Collected data entries
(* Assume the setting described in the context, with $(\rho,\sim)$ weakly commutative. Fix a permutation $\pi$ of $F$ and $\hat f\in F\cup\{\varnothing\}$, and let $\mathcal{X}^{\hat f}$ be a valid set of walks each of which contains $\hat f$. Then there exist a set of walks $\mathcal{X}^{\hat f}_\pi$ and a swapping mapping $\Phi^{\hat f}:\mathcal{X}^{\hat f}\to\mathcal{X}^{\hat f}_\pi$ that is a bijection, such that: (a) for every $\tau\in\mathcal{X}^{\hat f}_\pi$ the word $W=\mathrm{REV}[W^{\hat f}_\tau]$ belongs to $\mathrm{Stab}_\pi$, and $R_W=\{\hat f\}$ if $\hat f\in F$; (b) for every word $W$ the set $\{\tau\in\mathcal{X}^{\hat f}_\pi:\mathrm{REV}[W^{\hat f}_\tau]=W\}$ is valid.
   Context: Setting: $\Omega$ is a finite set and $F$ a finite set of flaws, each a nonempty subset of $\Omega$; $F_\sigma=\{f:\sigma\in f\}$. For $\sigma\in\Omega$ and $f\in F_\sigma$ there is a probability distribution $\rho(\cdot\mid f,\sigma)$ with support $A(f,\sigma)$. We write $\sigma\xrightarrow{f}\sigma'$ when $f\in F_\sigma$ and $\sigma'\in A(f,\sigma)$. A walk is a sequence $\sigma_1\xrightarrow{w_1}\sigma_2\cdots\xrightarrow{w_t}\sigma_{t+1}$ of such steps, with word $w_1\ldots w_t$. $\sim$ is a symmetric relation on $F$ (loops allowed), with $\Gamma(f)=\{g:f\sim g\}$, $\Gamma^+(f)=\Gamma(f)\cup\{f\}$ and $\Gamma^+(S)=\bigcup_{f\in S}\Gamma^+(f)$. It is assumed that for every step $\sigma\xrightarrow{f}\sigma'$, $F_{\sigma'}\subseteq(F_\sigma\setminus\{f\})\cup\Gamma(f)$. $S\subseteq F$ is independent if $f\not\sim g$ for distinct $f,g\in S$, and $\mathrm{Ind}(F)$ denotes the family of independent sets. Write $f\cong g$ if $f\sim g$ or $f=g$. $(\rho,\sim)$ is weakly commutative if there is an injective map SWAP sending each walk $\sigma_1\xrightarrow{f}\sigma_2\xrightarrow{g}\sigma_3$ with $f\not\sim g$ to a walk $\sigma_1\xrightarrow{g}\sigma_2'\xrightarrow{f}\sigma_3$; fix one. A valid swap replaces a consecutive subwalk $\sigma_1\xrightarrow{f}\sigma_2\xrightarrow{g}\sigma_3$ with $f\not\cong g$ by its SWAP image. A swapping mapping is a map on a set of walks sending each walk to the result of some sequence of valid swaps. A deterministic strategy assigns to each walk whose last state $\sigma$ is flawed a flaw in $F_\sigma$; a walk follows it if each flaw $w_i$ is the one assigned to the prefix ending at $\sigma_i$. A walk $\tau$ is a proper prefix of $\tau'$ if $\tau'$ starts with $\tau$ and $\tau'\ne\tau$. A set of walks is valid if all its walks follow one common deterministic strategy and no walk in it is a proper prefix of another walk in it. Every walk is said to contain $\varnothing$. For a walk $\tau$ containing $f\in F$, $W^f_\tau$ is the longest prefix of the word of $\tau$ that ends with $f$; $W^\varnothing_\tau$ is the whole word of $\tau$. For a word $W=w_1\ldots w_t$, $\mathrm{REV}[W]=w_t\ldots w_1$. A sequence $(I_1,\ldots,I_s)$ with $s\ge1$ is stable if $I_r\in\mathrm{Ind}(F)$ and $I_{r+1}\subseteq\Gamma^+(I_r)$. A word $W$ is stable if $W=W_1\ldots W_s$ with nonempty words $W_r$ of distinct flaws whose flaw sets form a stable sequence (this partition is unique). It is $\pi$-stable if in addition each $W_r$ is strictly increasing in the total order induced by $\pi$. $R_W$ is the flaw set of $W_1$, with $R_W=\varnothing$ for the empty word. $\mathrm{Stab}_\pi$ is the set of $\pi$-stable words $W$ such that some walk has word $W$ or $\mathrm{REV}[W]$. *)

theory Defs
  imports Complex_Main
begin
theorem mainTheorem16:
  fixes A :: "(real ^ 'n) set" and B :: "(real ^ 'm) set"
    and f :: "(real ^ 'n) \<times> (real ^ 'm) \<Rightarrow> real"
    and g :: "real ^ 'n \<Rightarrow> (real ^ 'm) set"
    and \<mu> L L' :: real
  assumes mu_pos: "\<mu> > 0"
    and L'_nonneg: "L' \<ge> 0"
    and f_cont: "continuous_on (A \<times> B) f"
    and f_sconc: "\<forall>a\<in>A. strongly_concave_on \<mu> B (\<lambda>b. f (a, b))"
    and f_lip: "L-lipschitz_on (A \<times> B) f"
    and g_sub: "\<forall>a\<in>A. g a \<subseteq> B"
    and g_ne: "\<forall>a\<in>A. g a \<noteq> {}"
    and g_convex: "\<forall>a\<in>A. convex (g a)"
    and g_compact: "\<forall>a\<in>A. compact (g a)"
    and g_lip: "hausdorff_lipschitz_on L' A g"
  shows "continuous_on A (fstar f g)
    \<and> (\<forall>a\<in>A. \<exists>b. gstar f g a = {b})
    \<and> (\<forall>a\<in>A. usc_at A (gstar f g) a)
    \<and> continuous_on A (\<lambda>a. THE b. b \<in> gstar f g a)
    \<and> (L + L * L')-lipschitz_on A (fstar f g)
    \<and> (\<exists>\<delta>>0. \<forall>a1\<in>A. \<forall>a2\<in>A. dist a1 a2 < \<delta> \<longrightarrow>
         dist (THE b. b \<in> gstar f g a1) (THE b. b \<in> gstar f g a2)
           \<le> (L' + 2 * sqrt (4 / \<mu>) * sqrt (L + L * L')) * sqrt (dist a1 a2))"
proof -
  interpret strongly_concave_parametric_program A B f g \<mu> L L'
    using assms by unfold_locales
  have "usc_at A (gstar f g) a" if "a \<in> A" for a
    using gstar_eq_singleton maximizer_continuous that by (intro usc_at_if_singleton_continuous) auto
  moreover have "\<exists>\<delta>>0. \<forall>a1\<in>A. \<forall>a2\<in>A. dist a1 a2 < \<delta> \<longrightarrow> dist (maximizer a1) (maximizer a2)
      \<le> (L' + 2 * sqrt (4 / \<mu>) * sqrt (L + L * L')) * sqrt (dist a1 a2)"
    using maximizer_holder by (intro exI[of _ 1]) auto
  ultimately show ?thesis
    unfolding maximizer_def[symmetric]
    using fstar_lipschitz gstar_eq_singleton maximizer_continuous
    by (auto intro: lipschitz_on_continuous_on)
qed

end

Task to complete: Go line by line through the data, copying each one that contains the word "times".

Solution to this exercise:
    and f :: "(real ^ 'n) \<times> (real ^ 'm) \<Rightarrow> real"
    and f_cont: "continuous_on (A \<times> B) f"
    and f_lip: "L-lipschitz_on (A \<times> B) f"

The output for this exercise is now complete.